Task requirements: Let the answer be the lines from the one with "i has_real_derivative 2" to the end of the entries, copied exactly with both boundary lines kept.

═════ Records provided

lemma pd_mat_coercive:
  fixes W :: "real^'m^'m"
  assumes "pd_mat W"
  obtains m where "m > 0" "\<And>u. m * (u \<bullet> u) \<le> u \<bullet> (W *v u)"
proof -
  have "\<exists>u0\<in>sphere 0 1. \<forall>u\<in>sphere 0 1. u0 \<bullet> (W *v u0) \<le> u \<bullet> (W *v u)"
  proof (rule continuous_attains_inf)
    show "sphere (0::real^'m) 1 \<noteq> {}"
      by (metis norm_axis_1 mem_sphere_0 empty_iff)
  qed (auto intro!: continuous_intros)
  then obtain u0 where u0: "norm u0 = 1"
    and min: "\<And>u. norm u = 1 \<Longrightarrow> u0 \<bullet> (W *v u0) \<le> u \<bullet> (W *v u)"
    by (auto simp: sphere_def)
  have "u0 \<bullet> (W *v u0) > 0"
    using assms u0 unfolding pd_mat_def by (metis norm_zero zero_neq_one)
  moreover have "(u0 \<bullet> (W *v u0)) * (u \<bullet> u) \<le> u \<bullet> (W *v u)" for u
  proof (cases "u = 0")
    case False
    define u' where "u' = (1 / norm u) *\<^sub>R u"
    have "norm u' = 1" and u: "u = norm u *\<^sub>R u'"
      using False by (simp_all add: u'_def)
    have "u \<bullet> (W *v u) = (u \<bullet> u) * (u' \<bullet> (W *v u'))"
      by (subst (1 2) u) (simp add: matrix_vector_mult_scaleR power2_eq_square flip: power2_norm_eq_inner)
    then show ?thesis
      using min[OF \<open>norm u' = 1\<close>] by (simp add: mult.commute mult_left_mono)
  qed simp
  ultimately show ?thesis using that by blast
qed

lemma lambda_min_scaleR_mat_1: "lambda_min (c *\<^sub>R mat 1 :: real^'n^'n) = c"
proof -
  have "{l. \<exists>v. v \<noteq> 0 \<and> (c *\<^sub>R mat 1 :: real^'n^'n) *v v = l *\<^sub>R v} = {c}"
  proof (intro set_eqI iffI)
    fix l assume "l \<in> {l. \<exists>v. v \<noteq> 0 \<and> (c *\<^sub>R mat 1 :: real^'n^'n) *v v = l *\<^sub>R v}"
    then obtain v :: "real^'n" where "v \<noteq> 0" "c *\<^sub>R v = l *\<^sub>R v"
      by (auto simp flip: scaleR_matrix_vector_assoc)
    then show "l \<in> {c}"
      by simp
  next
    fix l assume "l \<in> {c}"
    then show "l \<in> {l. \<exists>v. v \<noteq> 0 \<and> (c *\<^sub>R mat 1 :: real^'n^'n) *v v = l *\<^sub>R v}"
      using axis_eq_0_iff[of undefined "1::real"] by (auto simp flip: scaleR_matrix_vector_assoc)
  qed
  then show ?thesis
    unfolding lambda_min_def by simp
qed

lemma has_real_derivative_of_quadratic_remainder:
  fixes f :: "real \<Rightarrow> real"
  assumes "\<And>h. \<bar>f (x + h) - f x - D * h\<bar> \<le> C * h\<^sup>2"
  shows "(f has_real_derivative D) (at x)"
  unfolding DERIV_def
proof (rule Lim_null_comparison[THEN LIM_zero_cancel])
  show "\<forall>\<^sub>F h in at 0. norm ((f (x + h) - f x) / h - D) \<le> C * \<bar>h\<bar>"
  proof (rule eventually_at_topological[THEN iffD2], intro exI[of _ UNIV] conjI ballI impI)
    fix h :: real assume "h \<noteq> 0"
    then have "(f (x + h) - f x) / h - D = (f (x + h) - f x - D * h) / h"
      by (simp add: diff_divide_distrib)
    then have "norm ((f (x + h) - f x) / h - D) = \<bar>f (x + h) - f x - D * h\<bar> / \<bar>h\<bar>"
      by simp
    also have "\<dots> \<le> C * h\<^sup>2 / \<bar>h\<bar>"
      using assms by (simp add: divide_right_mono)
    also have "\<dots> = C * \<bar>h\<bar>"
      by (auto simp: power2_eq_square abs_if)
    finally show "norm ((f (x + h) - f x) / h - D) \<le> C * \<bar>h\<bar>" .
  qed simp_all
  show "((\<lambda>h. C * \<bar>h\<bar>) \<longlongrightarrow> 0) (at 0)"
    by (intro tendsto_eq_intros) auto
qed

lemma square_minus_clamp_dist_remainder:
  fixes l u y h :: real
  assumes "l \<le> u"
  defines "c \<equiv> \<lambda>y. min u (max l y)"
  shows "\<bar>((y + h)\<^sup>2 - (y + h - c (y + h))\<^sup>2) - (y\<^sup>2 - (y - c y)\<^sup>2) - 2 * c y * h\<bar> \<le> h\<^sup>2"
proof -
  define e where "e = c (y + h) - c y"
  \<comment> \<open>The clamp is monotone, so by the two expansions below the remainder lies
    between 0 and h^2.\<close>
  have "e * (y + h - c (y + h)) \<ge> 0"
    using assms unfolding e_def c_def
    by (auto simp: min_def max_def intro: mult_nonneg_nonneg mult_nonpos_nonpos)
  moreover have "e * (y - c y) \<le> 0"
    using assms unfolding e_def c_def
    by (auto simp: min_def max_def intro: mult_nonneg_nonpos mult_nonpos_nonneg)
  moreover have "((y + h)\<^sup>2 - (y + h - c (y + h))\<^sup>2) - (y\<^sup>2 - (y - c y)\<^sup>2) - 2 * c y * h
      = 2 * (e * (y + h - c (y + h))) + e\<^sup>2"
    "((y + h)\<^sup>2 - (y + h - c (y + h))\<^sup>2) - (y\<^sup>2 - (y - c y)\<^sup>2) - 2 * c y * h
      = h\<^sup>2 - (h - e)\<^sup>2 + 2 * (e * (y - c y))"
    unfolding e_def by (simp_all add: power2_eq_square algebra_simps)
  ultimately show ?thesis
    by (smt (verit) zero_le_power2)
qed

lemma has_real_derivative_square_minus_clamp_dist:
  fixes l u y :: real
  assumes "l \<le> u"
  shows "((\<lambda>y. y\<^sup>2 - (y - min u (max l y))\<^sup>2) has_real_derivative 2 * min u (max l y)) (at y)"
  using square_minus_clamp_dist_remainder[OF assms]
  by (intro has_real_derivative_of_quadratic_remainder[where C = 1]) (simp add: mult_ac)

lemma sat_nth: "sat ub lb u $ i = min (ub $ i) (max (- lb $ i) (u $ i))"
  by (simp add: sat_def)

lemma diff_dz_eq_sat: "u - dz ub lb u = sat ub lb u"
  by (simp add: dz_def)

lemma inner_dz_sat_nonneg:
  assumes "diag_mat M" "psd_mat M" "\<forall>i. 0 \<le> ub $ i" "\<forall>i. 0 \<le> lb $ i"
  shows "0 \<le> dz ub lb u \<bullet> (M *v sat ub lb u)"
  unfolding inner_diag_mat[OF assms(1)]
proof (intro sum_nonneg)
  fix i
  have "0 \<le> dz ub lb u $ i * sat ub lb u $ i"
    using assms(3,4)[rule_format, of i]
    by (auto simp: dz_def sat_def min_def max_def zero_le_mult_iff mult_le_0_iff)
  then show "0 \<le> M $ i $ i * dz ub lb u $ i * sat ub lb u $ i"
    using psd_diag_mat_nonneg[OF assms(1,2)] by (simp add: mult.assoc)
qed

lemma inner_minus_inner_dz_diag:
  assumes "diag_mat H"
  shows "w \<bullet> (H *v w) - dz ub lb w \<bullet> (H *v dz ub lb w)
    = (\<Sum>i\<in>UNIV. H $ i $ i * ((w $ i)\<^sup>2 - (w $ i - sat ub lb w $ i)\<^sup>2))"
  unfolding inner_diag_mat[OF assms] sum_subtractf[symmetric]
  by (rule sum.cong) (simp_all add: dz_def power2_eq_square algebra_simps)

definition lyapunov :: "real^'n^'n \<Rightarrow> real^'n^'m \<Rightarrow> real^'m^'m \<Rightarrow> real^'m \<Rightarrow> real^'m
    \<Rightarrow> real^'n \<Rightarrow> real" where
  "lyapunov P0 K H ub lb x = 1/2 * (x \<bullet> (P0 *v x) + (K *v x) \<bullet> (H *v (K *v x))
     - dz ub lb (K *v x) \<bullet> (H *v dz ub lb (K *v x)))"

lemma has_real_derivative_lyapunov_along:
  assumes H: "diag_mat H" and P0: "transpose P0 = P0" and bounds: "\<forall>i. - lb $ i \<le> ub $ i"
  shows "((\<lambda>t. lyapunov P0 K H ub lb (x + t *\<^sub>R v)) has_real_derivative
           x \<bullet> (P0 *v v) + sat ub lb (K *v x) \<bullet> (H *v (K *v v))) (at 0)"
proof -
  define g where "g i y = y\<^sup>2 - (y - min (ub $ i) (max (- lb $ i) y))\<^sup>2" for i y
  have expand: "lyapunov P0 K H ub lb (x + t *\<^sub>R v)
      = 1/2 * (x \<bullet> (P0 *v x) + 2 * t * (x \<bullet> (P0 *v v)) + t\<^sup>2 * (v \<bullet> (P0 *v v))
          + (\<Sum>i\<in>UNIV. H $ i $ i * g i ((K *v x) $ i + t * (K *v v) $ i)))" for t
  proof -
    have "lyapunov P0 K H ub lb y = 1/2 * (y \<bullet> (P0 *v y) + (\<Sum>i\<in>UNIV. H $ i $ i * g i ((K *v y) $ i)))"
      for y
      unfolding lyapunov_def add_diff_eq[symmetric] inner_minus_inner_dz_diag[OF H]
      by (simp add: g_def sat_nth)
    moreover have "(x + t *\<^sub>R v) \<bullet> (P0 *v (x + t *\<^sub>R v))
        = x \<bullet> (P0 *v x) + 2 * t * (x \<bullet> (P0 *v v)) + t\<^sup>2 * (v \<bullet> (P0 *v v))"
      using inner_matrix_vector_commute[OF P0, of v x]
      by (simp add: matrix_vector_inner_simps power2_eq_square algebra_simps)
    ultimately show ?thesis
      by (simp add: matrix_vector_inner_simps)
  qed
  have "((\<lambda>t. g i ((K *v x) $ i + t * (K *v v) $ i)) has_real_derivative
           2 * sat ub lb (K *v x) $ i * (K *v v) $ i) (at 0)" for i
  proof -
    have "(g i has_real_derivative 2 * sat ub lb (K *v x) $ i) (at ((K *v x) $ i + 0 * (K *v v) $ i))"
      unfolding g_def sat_nth
      using has_real_derivative_square_minus_clamp_dist bounds by simp
    then show ?thesis
      by (rule DERIV_chain2) (auto intro!: derivative_eq_intros)
  qed
  then have "((\<lambda>t. lyapunov P0 K H ub lb (x + t *\<^sub>R v)) has_real_derivative
      1/2 * (2 * (x \<bullet> (P0 *v v)) + (\<Sum>i\<in>UNIV. 2 * sat ub lb (K *v x) $ i * (K *v v) $ i * H $ i $ i)))
      (at 0)"
    unfolding expand by (auto intro!: derivative_eq_intros DERIV_sum)
  moreover have "(\<Sum>i\<in>UNIV. 2 * sat ub lb (K *v x) $ i * (K *v v) $ i * H $ i $ i)
      = 2 * (sat ub lb (K *v x) \<bullet> (H *v (K *v v)))"
    by (simp add: inner_diag_mat[OF H] sum_distrib_left mult_ac)
  ultimately show ?thesis
    by (simp add: add_divide_distrib)
qed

══════════

Task output:
    have "(g i has_real_derivative 2 * sat ub lb (K *v x) $ i) (at ((K *v x) $ i + 0 * (K *v v) $ i))"
      unfolding g_def sat_nth
      using has_real_derivative_square_minus_clamp_dist bounds by simp
    then show ?thesis
      by (rule DERIV_chain2) (auto intro!: derivative_eq_intros)
  qed
  then have "((\<lambda>t. lyapunov P0 K H ub lb (x + t *\<^sub>R v)) has_real_derivative
      1/2 * (2 * (x \<bullet> (P0 *v v)) + (\<Sum>i\<in>UNIV. 2 * sat ub lb (K *v x) $ i * (K *v v) $ i * H $ i $ i)))
      (at 0)"
    unfolding expand by (auto intro!: derivative_eq_intros DERIV_sum)
  moreover have "(\<Sum>i\<in>UNIV. 2 * sat ub lb (K *v x) $ i * (K *v v) $ i * H $ i $ i)
      = 2 * (sat ub lb (K *v x) \<bullet> (H *v (K *v v)))"
    by (simp add: inner_diag_mat[OF H] sum_distrib_left mult_ac)
  ultimately show ?thesis
    by (simp add: add_divide_distrib)
qed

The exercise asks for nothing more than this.